Key Takeaways
- Burford Capital's impressive portfolio recovery and case conclusions support future revenue and cash flow growth, enhancing net margins and earnings potential.
- Transitioning to U.S. filing standards aims to improve transparency, attract investors, and positively influence stock valuation and earnings per share.
- Burford Capital's reliance on fair value accounting and high-stakes legal outcomes creates financial volatility, with regulatory and interest rate risks impacting operations and market sentiment.
Catalysts
About Burford Capital- Provides legal finance products and services worldwide.
- Burford Capital has seen an impressive recovery in its portfolio performance, resulting in record levels of net realized gains for 2024, which could support future revenue and cash flow growth as more cases are concluded successfully.
- The company is experiencing significant growth in its litigation finance portfolio, having achieved a compound annual growth rate of about 15% over the last few years. This growth, combined with higher target realizations, is expected to drive future revenue and earnings.
- Burford Capital's expanding focus on originating high-quality new business, including corporate monetizations and diverse case types, should enhance its future net margins and earnings potential, even as individual investment strategies evolve.
- The firm's effective cash management and realization of significant amounts of cash from concluded cases underscore operational efficiencies, potentially providing better net margins and positively impacting future earnings.

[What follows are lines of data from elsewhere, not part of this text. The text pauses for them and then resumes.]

(* Let $\mathcal C$ be a set of representatives of the conjugacy classes of $G$. Under the isomorphism $\mathrm{HH}^\bullet(S(V)\#G)\cong\bigoplus_{g\in\mathcal C}\mathrm{HH}^\bullet(S(V),S(V)\otimes g)^{Z(g)}$ (which identifies $\alpha\in\mathrm{HH}^\bullet(S(V),S(V)\otimes g)^{Z(g)}$ with $T^G_{Z(g)}(\alpha)=\sum_{h\in[G/Z(g)]}{}^h\alpha$), the cup product corresponds to the product $\dot\smile$ given as follows: for $\alpha\in\mathrm{HH}^\bullet(S(V),S(V)\otimes g)^{Z(g)}$ and $\beta\in\mathrm{HH}^\bullet(S(V),S(V)\otimes h)^{Z(h)}$ ($g,h\in\mathcal C$), $$\alpha\ \dot\smile\ \beta=\sum_{x\in D}T^{Z(k)}_{{}^yZ(g)\cap{}^{yx}Z(h)}\big({}^y\alpha\smile{}^{yx}\beta\big),$$ where $D$ is a set of representatives of the double cosets $Z(g)\backslash G/Z(h)$, and for each $x\in D$, $k=k(x)\in\mathcal C$ and $y=y(x)\in G$ are chosen so that ${}^yg\cdot{}^{yx}h=k$. Here ${}^y\alpha\smile{}^{yx}\beta$ is the cup product in $\mathrm{HH}^\bullet(S(V),S(V)\#G)^{{}^yZ(g)\cap{}^{yx}Z(h)}$, and the transfer lands in the $k$-component $\mathrm{HH}^\bullet(S(V),S(V)\otimes k)^{Z(k)}$.
   Context: Let $G$ be a finite group acting linearly on a finite-dimensional complex vector space $V$; fix a $G$-invariant Hermitian inner product; $V^g$ denotes the fixed space of $g$ and $(V^g)^\perp$ its orthogonal complement. $S(V)\#G$ is the skew group algebra. $\mathrm{HH}^\bullet(S(V),S(V)\#G)$ (Hochschild cohomology with cup product) decomposes as $\bigoplus_{g\in G}\mathrm{HH}^\bullet(S(V),S(V)\otimes g)$, where the $g$-component $\mathrm{HH}^\bullet(S(V),S(V)\otimes g)$ is isomorphic to $S(V^g)\otimes\bigwedge^{\bullet-\operatorname{codim}V^g}(V^g)^*\otimes\bigwedge^{\operatorname{codim}V^g}((V^g)^\perp)^*\otimes g$. $G$ acts on $\mathrm{HH}^\bullet(S(V),S(V)\#G)$ by algebra automorphisms (induced from its action on $V$ and conjugation on $S(V)\#G$), mapping the $g$-component to the $xgx^{-1}$-component, ${}^x\alpha$ denoting the image of $\alpha$ under $x$; ${}^yL=yLy^{-1}$ for a subgroup $L$ and ${}^yg=ygy^{-1}$. It is known that $\mathrm{HH}^\bullet(S(V)\#G)\cong\mathrm{HH}^\bullet(S(V),S(V)\#G)^G$ as algebras. $Z(g)$ is the centralizer of $g$ in $G$. For subgroups $J\le L\le G$ and a $G$-algebra $A$, the transfer $T^L_J:A^J\to A^L$ is $T^L_J(a)=\sum_{h\in[L/J]}{}^ha$, with $[L/J]$ a set of left coset representatives. *)

theory Defs
  imports "HOL-Algebra.Coset"
begin

text \<open>Abstract setting: a finite group G (HOL-Algebra) acting on a ring A (playing the role of
  HH(S(V), S(V)#G) with cup product), which is G-graded: A is the direct sum of components
  comp g (playing the role of HH(S(V), S(V) tensor g)), the product maps comp g x comp h into
  comp (g h), and x in G acts by ring automorphisms mapping comp g to comp (x g x^-1).\<close>

definition conjg :: "('g, 'm) monoid_scheme \<Rightarrow> 'g \<Rightarrow> 'g \<Rightarrow> 'g" where
  "conjg G y g = y \<otimes>\<^bsub>G\<^esub> g \<otimes>\<^bsub>G\<^esub> inv\<^bsub>G\<^esub> y"

definition conjset :: "('g, 'm) monoid_scheme \<Rightarrow> 'g \<Rightarrow> 'g set \<Rightarrow> 'g set" where
  "conjset G y L = conjg G y ` L"

definition centr :: "('g, 'm) monoid_scheme \<Rightarrow> 'g \<Rightarrow> 'g set" where
  "centr G g = {x \<in> carrier G. x \<otimes>\<^bsub>G\<^esub> g = g \<otimes>\<^bsub>G\<^esub> x}"

definition invariants :: "('g \<Rightarrow> 'a \<Rightarrow> 'a) \<Rightarrow> 'g set \<Rightarrow> 'a set" where
  "invariants act J = {a. \<forall>j\<in>J. act j a = a}"

definition lcosets_in :: "('g, 'm) monoid_scheme \<Rightarrow> 'g set \<Rightarrow> 'g set \<Rightarrow> 'g set set" where
  "lcosets_in G L J = {x <#\<^bsub>G\<^esub> J | x. x \<in> L}"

- Burford's ongoing transition to U.S. domestic filing standards and enhanced disclosure aims to provide greater transparency and attract investor interest, potentially influencing stock valuation and market perception, thereby supporting higher earnings per share in the future.

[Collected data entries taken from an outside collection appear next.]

lemma cdiff_eq0_iff: "cdiff a b = 0 \<longleftrightarrow> a mod n = b mod n"
proof -
  have "cdiff a b = 0 \<longleftrightarrow> (int b - int a) mod int n = 0" using int_cdiff[of a b] by linarith
  also have "\<dots> \<longleftrightarrow> int b mod int n = int a mod int n"
      by (simp add: mod_eq_dvd_iff dvd_eq_mod_eq_0[symmetric])
  also have "\<dots> \<longleftrightarrow> a mod n = b mod n" by (metis of_nat_eq_iff zmod_int)
  finally show ?thesis .
qed

lemma int_mod_add_diff_mod: "(x mod m + m - y mod m) mod m = (x - y) mod (m::int)"
proof -
  have "(x mod m + m - y mod m) mod m = ((x mod m - y mod m) + m) mod m"
      by (simp add: algebra_simps)
  also have "\<dots> = (x mod m - y mod m) mod m" by simp
  also have "\<dots> = (x - y) mod m" by (simp add: mod_diff_eq)
  finally show ?thesis .
qed

lemma cdiff_sub: "cdiff b h = (cdiff a h + (n - cdiff a b)) mod n"
proof -
  have "int ((cdiff a h + (n - cdiff a b)) mod n) =
      (int (cdiff a h) + int n - int (cdiff a b)) mod int n"
    using cdiff_lt[of a b] by (simp add: zmod_int of_nat_diff)
  also have "\<dots> = ((int h - int a) mod int n + int n - (int b - int a) mod int n) mod int n"
    by (simp add: int_cdiff)
  also have "\<dots> = ((int h - int a) - (int b - int a)) mod int n"
    by (rule int_mod_add_diff_mod)
  also have "\<dots> = int (cdiff b h)" by (simp add: int_cdiff)
  finally show ?thesis by simp
qed

lemma mod_2n: "x < 2 * n \<Longrightarrow> x mod n = (if x < n then x else x - n)"
  by (simp add: le_mod_geq)

definition carry :: "nat \<Rightarrow> nat \<Rightarrow> int" where
  "carry a b = (if n \<le> a + b then 1 else 0)"

lemma carry_cocycle:
  assumes "u < n" "v < n" "w < n"
  shows "carry v w - carry ((u + v) mod n) w + carry u ((v + w) mod n) - carry u v = 0"
  using assms by (auto simp: carry_def mod_2n)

Burford Capital Future Earnings and Revenue Growth
Assumptions
How have these above catalysts been quantified?- Analysts are assuming Burford Capital's revenue will grow by 17.3% annually over the next 3 years.
- Analysts assume that profit margins will increase from 26.1% today to 54.9% in 3 years time.
- Analysts expect earnings to reach $497.6 million (and earnings per share of $2.02) by about May 2028, up from $146.5 million today. However, there is a considerable amount of disagreement amongst the analysts with the most bullish expecting $549.3 million in earnings, and the most bearish expecting $446 million.
- In order for the above numbers to justify the analysts price target, the company would need to trade at a PE ratio of 12.7x on those 2028 earnings, down from 20.4x today. This future PE is lower than the current PE for the GB Diversified Financial industry at 14.9x.
- Analysts expect the number of shares outstanding to grow by 0.34% per year for the next 3 years.
- To value all of this in today's terms, we will use a discount rate of 7.63%, as per the Simply Wall St company report.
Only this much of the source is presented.